Spot gold added 0.29% to $2,047.39 per ounce, while gold futures climbed 0.56% to $2,054.20 per ounce. The two instruments had a lower start in the New Year, logging around a 1.0% loss in their first two sessions.
The yellow metal had a solid surge in the final days of 2023 amid broader expectations for the Fed to begin trimming benchmark interest rates as soon as March this year.
However, profit-taking at the start of 2024 struck gold, while traders also slightly eased their hopes of the central bank reducing rates early.
Adding pressure to the yellow metal was investors’ cautious stance ahead of Friday’s release of the US nonfarm payrolls data.
Fed Rate Cut Timeline Unclear, Nonfarm Payrolls Data Due
Gold fell further on Wednesday, while the greenback continued to bounce back after minutes of the Fed’s meeting in December provided no clear signs of when the central bank might start cutting interest rates.
Quarterly forecasts suggested three rate reductions this year, with Fed officials expecting interest rates to decline as much as 75 basis points (bps).
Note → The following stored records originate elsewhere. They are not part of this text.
(* Consider the generic SURQT model (6) described in the context, and let $(\mathbf{R}(t),\mathbf{T}(t))$ be any solution with initial value in $\Omega$. Then for every $i=1,\dots,N$, \[ \limsup_{t\to\infty}R_i(t)\le \frac{f_i^T(\mathbf{1})}{f_i^T(\mathbf{1})+\theta_i},\qquad \liminf_{t\to\infty}T_i(t)\ge \frac{\theta_i\delta_i}{\left[f_i^T(\mathbf{1})+\theta_i\right]\left[f_i^T(\mathbf{1})+\delta_i\right]}, \] where $\mathbf{1}=(1,\dots,1)$.
   Context: $V=\{1,\dots,N\}$; $G_R=(V,E_R)$ and $G_T=(V,E_T)$ are strongly connected directed graphs. $\theta_i>0,\delta_i>0$ for all $i$; $\mathbf{D}_\theta=\mathrm{diag}(\theta_i)$, $\mathbf{D}_\delta=\mathrm{diag}(\delta_i)$. The functions $f_i^T,g_i^R:\mathbb{R}^N\to\mathbb{R}$ ($i=1,\dots,N$) satisfy: (C1) $f_i^T(x_1,\dots,x_N)$ depends on $x_j$ iff $(i,j)\in E_R$, and $g_i^R$ depends on $x_j$ iff $(i,j)\in E_T$; (C2) $f_i^T(\mathbf 0)=g_i^R(\mathbf 0)=0$; (C3) they are twice continuously differentiable; (C4) each is strictly increasing in each of its arguments; (C5) each is concave. The generic SURQT model (6) is the system, for $t\ge0$, $i=1,\dots,N$, \[ \frac{dR_i}{dt}=T_i f_i^T(\mathbf{R})-R_i g_i^R(\mathbf{T})-\theta_iR_i,\qquad \frac{dT_i}{dt}=R_i g_i^R(\mathbf{T})-T_i f_i^T(\mathbf{R})+\delta_i(1-R_i-T_i), \] with $\mathbf{R}=(R_1,\dots,R_N)$, $\mathbf{T}=(T_1,\dots,T_N)$, and initial state in $\Omega=\{(x_1,\dots,x_{2N})\in\mathbb{R}_+^{2N}: x_i+x_{N+i}\le1,\ 1\le i\le N\}$ (which is positively invariant). *)

theory Defs
  imports "HOL-Analysis.Analysis"
begin

definition strongly_connected :: "('n \<times> 'n) set \<Rightarrow> bool" where
  "strongly_connected E \<longleftrightarrow> (\<forall>i j. (i, j) \<in> E\<^sup>*)"

definition depends_on :: "((real^'n) \<Rightarrow> real) \<Rightarrow> 'n \<Rightarrow> bool" where
  "depends_on h j \<longleftrightarrow> (\<exists>x y. (\<forall>k. k \<noteq> j \<longrightarrow> x $ k = y $ k) \<and> h x \<noteq> h y)"

definition strictly_incr_in :: "((real^'n) \<Rightarrow> real) \<Rightarrow> 'n \<Rightarrow> bool" where
  "strictly_incr_in h j \<longleftrightarrow>
     (\<forall>x y. (\<forall>k. k \<noteq> j \<longrightarrow> x $ k = y $ k) \<and> x $ j < y $ j \<longrightarrow> h x < h y)"

definition C2 :: "((real^'n) \<Rightarrow> real) \<Rightarrow> bool" where
  "C2 h \<longleftrightarrow> (\<exists>(D1 :: (real^'n) \<Rightarrow> ((real^'n) \<Rightarrow>\<^sub>L real))
                 (D2 :: (real^'n) \<Rightarrow> ((real^'n) \<Rightarrow>\<^sub>L ((real^'n) \<Rightarrow>\<^sub>L real))).
      (\<forall>x. (h has_derivative blinfun_apply (D1 x)) (at x)) \<and>
      (\<forall>x. (D1 has_derivative blinfun_apply (D2 x)) (at x)) \<and>
      continuous_on UNIV D2)"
However, the minutes of last month’s meeting were somewhat vague about the timeline of the move.
The policymakers also remained open about the possibility of raising rates once again.
The central bank recognized its progress in curbing inflation with interest rate hikes in 2023. Still, certain officials stated the need for tight monetary policy in the near term due to growing uncertainty over the outlook of the world’s largest economy.
The US economy is easing, but inflation continues to stay above the Fed’s annual target of 2%. The labor market is also fairly robust, with the upcoming nonfarm payroll data likely to offer additional cues.
Traders are pricing in a 65% likelihood of a 25 bps rate cut in March as per the CME FedWatch tool, sliding from the over 70% chance priced in at the beginning of the week.
While the yellow metal took a stumble at the start of the year, it was able to maintain gains of more than 10% in 2023. Gold is seen to find support from lower interest rates this year, considering higher rates drive the opportunity cost of purchasing bullion.